> **What needs to be done**:
Below is some data. Retype exactly the lines starting at the one with "j \<and> r \<le>" and ending at the one with "A \<le> 2 ^ j'".

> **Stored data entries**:

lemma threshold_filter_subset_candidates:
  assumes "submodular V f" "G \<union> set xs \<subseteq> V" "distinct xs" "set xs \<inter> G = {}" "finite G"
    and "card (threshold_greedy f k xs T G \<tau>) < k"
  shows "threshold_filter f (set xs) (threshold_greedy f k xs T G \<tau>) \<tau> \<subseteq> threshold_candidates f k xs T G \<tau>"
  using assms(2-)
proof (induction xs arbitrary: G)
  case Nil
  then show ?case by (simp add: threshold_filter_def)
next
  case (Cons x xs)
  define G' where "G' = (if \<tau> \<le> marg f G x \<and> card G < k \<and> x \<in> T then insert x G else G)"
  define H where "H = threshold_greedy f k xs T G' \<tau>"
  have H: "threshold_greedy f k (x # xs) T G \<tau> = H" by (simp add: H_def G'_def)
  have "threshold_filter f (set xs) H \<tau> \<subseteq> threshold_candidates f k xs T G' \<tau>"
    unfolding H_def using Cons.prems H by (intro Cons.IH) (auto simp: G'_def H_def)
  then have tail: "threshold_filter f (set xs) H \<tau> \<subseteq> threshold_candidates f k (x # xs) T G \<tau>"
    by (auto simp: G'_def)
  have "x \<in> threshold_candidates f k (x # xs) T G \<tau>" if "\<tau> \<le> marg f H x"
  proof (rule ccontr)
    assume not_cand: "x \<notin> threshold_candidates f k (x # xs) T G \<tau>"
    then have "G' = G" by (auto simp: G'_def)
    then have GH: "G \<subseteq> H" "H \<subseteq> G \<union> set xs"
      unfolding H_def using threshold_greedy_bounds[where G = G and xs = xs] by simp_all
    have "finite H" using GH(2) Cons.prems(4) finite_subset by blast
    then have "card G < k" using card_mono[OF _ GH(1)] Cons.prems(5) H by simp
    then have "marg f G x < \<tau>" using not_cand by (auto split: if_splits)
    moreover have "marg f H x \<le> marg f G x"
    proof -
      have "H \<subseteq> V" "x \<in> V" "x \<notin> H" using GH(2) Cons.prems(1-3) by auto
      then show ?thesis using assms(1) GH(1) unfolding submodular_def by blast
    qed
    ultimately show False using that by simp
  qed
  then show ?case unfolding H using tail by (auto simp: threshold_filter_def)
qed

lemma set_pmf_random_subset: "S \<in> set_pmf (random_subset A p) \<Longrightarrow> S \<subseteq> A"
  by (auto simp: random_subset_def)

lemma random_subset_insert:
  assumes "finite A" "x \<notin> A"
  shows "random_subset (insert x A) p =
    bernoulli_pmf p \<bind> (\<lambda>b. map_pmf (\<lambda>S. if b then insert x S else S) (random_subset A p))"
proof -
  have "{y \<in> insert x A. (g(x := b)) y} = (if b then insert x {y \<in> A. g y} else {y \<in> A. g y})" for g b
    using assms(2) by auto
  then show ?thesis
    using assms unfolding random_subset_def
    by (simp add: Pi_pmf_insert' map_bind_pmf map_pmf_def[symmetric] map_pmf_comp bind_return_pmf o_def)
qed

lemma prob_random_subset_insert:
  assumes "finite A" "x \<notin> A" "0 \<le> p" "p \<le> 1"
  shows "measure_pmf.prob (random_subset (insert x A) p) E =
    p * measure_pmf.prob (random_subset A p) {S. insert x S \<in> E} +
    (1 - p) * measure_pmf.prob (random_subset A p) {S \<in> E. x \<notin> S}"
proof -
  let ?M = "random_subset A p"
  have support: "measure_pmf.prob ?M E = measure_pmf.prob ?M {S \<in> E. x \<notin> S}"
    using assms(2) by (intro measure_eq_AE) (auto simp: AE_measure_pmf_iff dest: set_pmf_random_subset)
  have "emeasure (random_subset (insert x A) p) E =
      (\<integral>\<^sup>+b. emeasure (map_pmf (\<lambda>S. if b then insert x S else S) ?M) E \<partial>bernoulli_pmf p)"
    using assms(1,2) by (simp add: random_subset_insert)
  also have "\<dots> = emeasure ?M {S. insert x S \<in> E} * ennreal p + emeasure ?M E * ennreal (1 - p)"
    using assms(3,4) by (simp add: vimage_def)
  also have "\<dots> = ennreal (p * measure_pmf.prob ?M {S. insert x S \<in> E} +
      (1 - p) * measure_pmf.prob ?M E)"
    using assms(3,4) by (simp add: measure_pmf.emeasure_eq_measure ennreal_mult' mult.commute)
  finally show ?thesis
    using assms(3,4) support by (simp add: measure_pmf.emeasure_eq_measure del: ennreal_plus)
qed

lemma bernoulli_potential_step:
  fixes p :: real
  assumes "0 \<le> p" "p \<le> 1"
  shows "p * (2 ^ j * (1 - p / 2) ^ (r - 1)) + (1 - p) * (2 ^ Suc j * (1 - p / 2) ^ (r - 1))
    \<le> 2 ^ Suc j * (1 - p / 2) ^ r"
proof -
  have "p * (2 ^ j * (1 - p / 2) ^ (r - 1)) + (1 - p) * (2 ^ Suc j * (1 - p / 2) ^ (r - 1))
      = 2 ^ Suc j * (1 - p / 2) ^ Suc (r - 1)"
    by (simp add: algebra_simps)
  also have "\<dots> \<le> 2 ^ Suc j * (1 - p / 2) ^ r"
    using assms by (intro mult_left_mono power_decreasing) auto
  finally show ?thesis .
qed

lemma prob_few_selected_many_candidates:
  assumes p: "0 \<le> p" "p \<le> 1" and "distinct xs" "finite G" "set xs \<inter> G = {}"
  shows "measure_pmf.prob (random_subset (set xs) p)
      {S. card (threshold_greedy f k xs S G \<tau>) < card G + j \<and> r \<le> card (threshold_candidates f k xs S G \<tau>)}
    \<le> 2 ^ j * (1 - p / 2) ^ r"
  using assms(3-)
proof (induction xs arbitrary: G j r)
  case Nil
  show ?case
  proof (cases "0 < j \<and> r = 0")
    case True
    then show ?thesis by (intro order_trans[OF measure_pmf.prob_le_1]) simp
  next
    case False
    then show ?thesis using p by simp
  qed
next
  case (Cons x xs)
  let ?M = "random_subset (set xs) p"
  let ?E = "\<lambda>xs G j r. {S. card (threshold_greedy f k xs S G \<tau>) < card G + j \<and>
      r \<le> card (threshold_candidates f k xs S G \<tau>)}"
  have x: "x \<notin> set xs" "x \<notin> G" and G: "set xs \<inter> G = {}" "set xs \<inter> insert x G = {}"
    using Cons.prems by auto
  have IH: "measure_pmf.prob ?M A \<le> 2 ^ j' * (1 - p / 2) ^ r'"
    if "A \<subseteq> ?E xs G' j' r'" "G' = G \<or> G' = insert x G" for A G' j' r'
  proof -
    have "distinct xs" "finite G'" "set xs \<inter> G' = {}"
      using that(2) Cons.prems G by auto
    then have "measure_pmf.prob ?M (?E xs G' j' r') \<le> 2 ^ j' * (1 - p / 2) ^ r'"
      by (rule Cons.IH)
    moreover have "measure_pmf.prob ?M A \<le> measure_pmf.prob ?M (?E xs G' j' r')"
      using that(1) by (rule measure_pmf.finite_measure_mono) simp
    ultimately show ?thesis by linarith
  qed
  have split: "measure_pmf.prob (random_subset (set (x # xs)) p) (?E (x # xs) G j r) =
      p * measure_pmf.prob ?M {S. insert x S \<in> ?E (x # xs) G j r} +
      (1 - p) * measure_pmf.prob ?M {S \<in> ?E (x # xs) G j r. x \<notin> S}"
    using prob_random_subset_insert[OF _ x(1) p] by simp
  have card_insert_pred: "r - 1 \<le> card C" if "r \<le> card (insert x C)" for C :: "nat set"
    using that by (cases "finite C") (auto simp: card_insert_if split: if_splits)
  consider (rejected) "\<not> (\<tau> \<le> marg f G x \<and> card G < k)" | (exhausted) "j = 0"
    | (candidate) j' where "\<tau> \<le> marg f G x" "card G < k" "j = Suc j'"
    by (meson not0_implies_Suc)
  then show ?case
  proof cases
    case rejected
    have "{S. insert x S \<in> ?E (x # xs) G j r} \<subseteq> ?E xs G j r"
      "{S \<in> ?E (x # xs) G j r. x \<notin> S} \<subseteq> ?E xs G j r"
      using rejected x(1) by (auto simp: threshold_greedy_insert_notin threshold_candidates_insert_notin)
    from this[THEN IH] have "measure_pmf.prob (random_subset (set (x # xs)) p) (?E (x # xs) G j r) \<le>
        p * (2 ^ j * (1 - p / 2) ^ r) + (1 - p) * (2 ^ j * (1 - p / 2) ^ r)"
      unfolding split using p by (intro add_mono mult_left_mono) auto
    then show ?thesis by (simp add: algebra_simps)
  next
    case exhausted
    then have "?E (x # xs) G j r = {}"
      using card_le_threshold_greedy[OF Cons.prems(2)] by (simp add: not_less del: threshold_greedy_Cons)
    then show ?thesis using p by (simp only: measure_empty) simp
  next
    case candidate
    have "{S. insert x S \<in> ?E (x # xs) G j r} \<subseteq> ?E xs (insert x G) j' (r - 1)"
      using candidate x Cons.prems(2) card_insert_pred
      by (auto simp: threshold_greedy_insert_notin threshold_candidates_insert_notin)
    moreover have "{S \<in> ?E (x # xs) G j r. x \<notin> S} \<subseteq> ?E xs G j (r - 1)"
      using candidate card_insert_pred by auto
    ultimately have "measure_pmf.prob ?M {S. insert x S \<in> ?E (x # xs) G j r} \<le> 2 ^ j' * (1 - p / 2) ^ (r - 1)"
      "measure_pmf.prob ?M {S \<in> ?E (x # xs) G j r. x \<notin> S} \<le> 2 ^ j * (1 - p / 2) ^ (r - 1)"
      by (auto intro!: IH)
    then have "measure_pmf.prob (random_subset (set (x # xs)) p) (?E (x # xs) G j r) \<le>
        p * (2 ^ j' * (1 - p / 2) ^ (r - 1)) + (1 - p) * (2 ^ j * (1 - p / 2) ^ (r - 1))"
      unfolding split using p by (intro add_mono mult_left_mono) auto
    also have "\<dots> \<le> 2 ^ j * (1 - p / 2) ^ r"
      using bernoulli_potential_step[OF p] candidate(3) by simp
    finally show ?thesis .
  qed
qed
---
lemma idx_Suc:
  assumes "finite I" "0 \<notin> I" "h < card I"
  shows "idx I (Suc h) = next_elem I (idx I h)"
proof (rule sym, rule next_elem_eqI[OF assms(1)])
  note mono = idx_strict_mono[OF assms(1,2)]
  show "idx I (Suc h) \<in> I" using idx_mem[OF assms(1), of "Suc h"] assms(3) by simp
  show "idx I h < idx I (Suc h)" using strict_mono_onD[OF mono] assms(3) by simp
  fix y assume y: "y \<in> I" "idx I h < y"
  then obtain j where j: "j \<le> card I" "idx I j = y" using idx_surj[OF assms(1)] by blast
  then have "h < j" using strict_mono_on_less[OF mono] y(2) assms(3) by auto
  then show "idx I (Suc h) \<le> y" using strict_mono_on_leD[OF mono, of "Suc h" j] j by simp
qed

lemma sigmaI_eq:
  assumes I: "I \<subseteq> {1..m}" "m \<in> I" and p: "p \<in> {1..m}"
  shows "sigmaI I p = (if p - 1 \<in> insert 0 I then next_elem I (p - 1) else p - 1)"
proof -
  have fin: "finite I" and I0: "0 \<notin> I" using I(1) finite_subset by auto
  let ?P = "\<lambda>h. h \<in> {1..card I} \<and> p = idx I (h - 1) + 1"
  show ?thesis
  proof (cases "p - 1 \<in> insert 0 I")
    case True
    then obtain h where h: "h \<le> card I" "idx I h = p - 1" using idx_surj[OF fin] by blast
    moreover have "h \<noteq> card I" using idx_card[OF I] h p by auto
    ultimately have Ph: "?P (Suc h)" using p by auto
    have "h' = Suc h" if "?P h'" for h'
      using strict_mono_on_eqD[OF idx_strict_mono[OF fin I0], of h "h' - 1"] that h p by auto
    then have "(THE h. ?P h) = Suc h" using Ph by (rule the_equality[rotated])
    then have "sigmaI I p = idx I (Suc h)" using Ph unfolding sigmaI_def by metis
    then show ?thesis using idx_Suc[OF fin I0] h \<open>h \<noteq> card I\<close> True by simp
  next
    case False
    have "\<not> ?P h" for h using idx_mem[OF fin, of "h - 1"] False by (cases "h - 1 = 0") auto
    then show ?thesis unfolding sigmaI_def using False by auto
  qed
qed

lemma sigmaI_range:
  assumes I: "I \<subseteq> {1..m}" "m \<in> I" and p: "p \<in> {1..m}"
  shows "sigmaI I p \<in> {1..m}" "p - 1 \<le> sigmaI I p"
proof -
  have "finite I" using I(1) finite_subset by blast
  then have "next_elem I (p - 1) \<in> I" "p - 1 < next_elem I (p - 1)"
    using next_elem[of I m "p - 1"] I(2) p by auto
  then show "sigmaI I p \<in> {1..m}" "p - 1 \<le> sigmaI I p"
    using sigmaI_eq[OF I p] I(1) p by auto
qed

> **Response to this exercise**:
      {S. card (threshold_greedy f k xs S G \<tau>) < card G + j \<and> r \<le> card (threshold_candidates f k xs S G \<tau>)}
    \<le> 2 ^ j * (1 - p / 2) ^ r"
  using assms(3-)
proof (induction xs arbitrary: G j r)
  case Nil
  show ?case
  proof (cases "0 < j \<and> r = 0")
    case True
    then show ?thesis by (intro order_trans[OF measure_pmf.prob_le_1]) simp
  next
    case False
    then show ?thesis using p by simp
  qed
next
  case (Cons x xs)
  let ?M = "random_subset (set xs) p"
  let ?E = "\<lambda>xs G j r. {S. card (threshold_greedy f k xs S G \<tau>) < card G + j \<and>
      r \<le> card (threshold_candidates f k xs S G \<tau>)}"
  have x: "x \<notin> set xs" "x \<notin> G" and G: "set xs \<inter> G = {}" "set xs \<inter> insert x G = {}"
    using Cons.prems by auto
  have IH: "measure_pmf.prob ?M A \<le> 2 ^ j' * (1 - p / 2) ^ r'"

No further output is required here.